(Collected data)
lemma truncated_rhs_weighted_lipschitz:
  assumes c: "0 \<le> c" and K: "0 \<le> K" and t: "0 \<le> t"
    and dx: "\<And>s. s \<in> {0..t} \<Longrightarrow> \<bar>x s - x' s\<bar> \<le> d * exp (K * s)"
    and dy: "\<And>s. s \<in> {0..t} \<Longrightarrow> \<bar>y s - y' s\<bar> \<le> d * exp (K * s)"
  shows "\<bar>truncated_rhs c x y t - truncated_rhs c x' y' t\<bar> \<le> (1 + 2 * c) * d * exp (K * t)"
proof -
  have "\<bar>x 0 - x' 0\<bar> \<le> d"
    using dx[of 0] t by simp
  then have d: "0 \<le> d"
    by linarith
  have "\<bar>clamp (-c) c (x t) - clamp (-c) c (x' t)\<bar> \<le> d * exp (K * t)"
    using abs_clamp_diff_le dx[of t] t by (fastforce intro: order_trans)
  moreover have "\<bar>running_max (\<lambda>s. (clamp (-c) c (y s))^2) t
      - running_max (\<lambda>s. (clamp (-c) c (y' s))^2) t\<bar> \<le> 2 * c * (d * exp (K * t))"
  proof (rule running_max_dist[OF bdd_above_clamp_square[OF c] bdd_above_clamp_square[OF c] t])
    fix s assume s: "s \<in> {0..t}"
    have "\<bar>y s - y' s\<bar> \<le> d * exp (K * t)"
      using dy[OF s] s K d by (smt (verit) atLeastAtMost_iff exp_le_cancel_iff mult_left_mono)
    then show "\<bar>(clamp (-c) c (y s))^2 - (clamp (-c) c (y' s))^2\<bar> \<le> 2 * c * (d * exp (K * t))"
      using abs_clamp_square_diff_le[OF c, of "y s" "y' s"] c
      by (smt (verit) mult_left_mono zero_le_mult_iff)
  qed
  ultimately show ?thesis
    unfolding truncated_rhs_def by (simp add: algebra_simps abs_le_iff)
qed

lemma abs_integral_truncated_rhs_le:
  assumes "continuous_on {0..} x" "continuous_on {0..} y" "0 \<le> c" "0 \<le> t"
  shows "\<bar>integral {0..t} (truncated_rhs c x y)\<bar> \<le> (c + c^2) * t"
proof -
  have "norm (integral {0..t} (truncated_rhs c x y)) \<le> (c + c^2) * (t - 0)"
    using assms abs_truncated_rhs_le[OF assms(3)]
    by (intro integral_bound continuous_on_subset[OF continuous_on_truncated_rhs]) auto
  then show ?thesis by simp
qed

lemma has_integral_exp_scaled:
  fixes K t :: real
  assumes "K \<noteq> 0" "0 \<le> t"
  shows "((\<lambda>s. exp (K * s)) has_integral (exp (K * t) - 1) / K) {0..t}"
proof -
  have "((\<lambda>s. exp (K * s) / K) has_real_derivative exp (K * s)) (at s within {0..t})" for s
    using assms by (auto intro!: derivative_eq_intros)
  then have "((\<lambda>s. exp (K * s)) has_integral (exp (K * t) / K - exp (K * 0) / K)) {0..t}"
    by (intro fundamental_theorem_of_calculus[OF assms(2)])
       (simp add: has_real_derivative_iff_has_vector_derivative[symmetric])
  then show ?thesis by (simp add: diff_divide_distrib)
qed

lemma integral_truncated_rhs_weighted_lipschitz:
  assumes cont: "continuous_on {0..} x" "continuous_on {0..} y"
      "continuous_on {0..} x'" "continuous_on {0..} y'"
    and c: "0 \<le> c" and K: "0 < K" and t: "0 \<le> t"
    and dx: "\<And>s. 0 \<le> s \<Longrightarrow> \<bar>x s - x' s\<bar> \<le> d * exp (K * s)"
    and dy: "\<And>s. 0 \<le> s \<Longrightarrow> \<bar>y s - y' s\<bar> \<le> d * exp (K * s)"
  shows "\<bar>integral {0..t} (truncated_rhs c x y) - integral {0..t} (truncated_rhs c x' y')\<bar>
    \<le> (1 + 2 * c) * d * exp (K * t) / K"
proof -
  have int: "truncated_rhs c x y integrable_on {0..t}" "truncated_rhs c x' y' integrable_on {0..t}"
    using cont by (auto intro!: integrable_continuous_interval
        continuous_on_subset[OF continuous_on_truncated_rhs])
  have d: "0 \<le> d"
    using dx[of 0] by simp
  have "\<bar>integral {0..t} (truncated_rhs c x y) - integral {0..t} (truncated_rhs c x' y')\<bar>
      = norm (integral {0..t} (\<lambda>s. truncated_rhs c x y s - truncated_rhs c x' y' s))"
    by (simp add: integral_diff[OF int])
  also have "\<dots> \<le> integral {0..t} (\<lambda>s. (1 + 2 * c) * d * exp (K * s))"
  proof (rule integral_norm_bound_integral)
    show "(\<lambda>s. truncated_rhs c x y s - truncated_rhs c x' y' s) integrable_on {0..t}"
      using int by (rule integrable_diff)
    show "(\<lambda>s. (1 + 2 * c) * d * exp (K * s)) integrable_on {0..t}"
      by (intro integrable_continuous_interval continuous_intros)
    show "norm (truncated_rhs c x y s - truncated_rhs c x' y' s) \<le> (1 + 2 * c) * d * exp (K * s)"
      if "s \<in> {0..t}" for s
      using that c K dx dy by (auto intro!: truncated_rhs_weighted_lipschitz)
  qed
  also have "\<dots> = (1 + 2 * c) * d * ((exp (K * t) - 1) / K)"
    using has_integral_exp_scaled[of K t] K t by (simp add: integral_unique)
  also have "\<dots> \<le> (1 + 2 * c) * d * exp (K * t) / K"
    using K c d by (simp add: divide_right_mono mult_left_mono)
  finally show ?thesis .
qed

* * *

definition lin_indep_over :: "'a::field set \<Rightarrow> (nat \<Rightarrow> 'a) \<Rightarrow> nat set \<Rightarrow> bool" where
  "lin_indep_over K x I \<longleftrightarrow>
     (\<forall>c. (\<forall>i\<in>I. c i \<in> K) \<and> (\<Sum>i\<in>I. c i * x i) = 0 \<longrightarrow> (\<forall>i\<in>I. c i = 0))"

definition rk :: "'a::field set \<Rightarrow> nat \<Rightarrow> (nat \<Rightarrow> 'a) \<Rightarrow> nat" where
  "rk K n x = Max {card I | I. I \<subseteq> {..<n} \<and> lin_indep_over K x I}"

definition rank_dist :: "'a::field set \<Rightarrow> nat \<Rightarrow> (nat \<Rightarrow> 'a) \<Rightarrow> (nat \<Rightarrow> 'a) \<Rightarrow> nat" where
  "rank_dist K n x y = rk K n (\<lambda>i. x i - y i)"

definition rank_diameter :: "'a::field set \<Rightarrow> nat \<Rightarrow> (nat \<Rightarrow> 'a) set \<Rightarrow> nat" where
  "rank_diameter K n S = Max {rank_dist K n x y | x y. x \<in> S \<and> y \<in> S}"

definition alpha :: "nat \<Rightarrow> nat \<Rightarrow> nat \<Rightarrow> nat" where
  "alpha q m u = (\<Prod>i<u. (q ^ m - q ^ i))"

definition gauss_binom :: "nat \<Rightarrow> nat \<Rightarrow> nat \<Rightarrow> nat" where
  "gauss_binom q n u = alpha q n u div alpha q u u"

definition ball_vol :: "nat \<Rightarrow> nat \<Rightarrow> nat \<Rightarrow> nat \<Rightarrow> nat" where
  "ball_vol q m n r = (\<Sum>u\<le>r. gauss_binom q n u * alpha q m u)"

- [Exercise details]
Copy each line of the records containing the string "where".

- [Your response]
definition lin_indep_over :: "'a::field set \<Rightarrow> (nat \<Rightarrow> 'a) \<Rightarrow> nat set \<Rightarrow> bool" where
definition rk :: "'a::field set \<Rightarrow> nat \<Rightarrow> (nat \<Rightarrow> 'a) \<Rightarrow> nat" where
definition rank_dist :: "'a::field set \<Rightarrow> nat \<Rightarrow> (nat \<Rightarrow> 'a) \<Rightarrow> (nat \<Rightarrow> 'a) \<Rightarrow> nat" where
definition rank_diameter :: "'a::field set \<Rightarrow> nat \<Rightarrow> (nat \<Rightarrow> 'a) set \<Rightarrow> nat" where
definition alpha :: "nat \<Rightarrow> nat \<Rightarrow> nat \<Rightarrow> nat" where
definition gauss_binom :: "nat \<Rightarrow> nat \<Rightarrow> nat \<Rightarrow> nat" where
definition ball_vol :: "nat \<Rightarrow> nat \<Rightarrow> nat \<Rightarrow> nat \<Rightarrow> nat" where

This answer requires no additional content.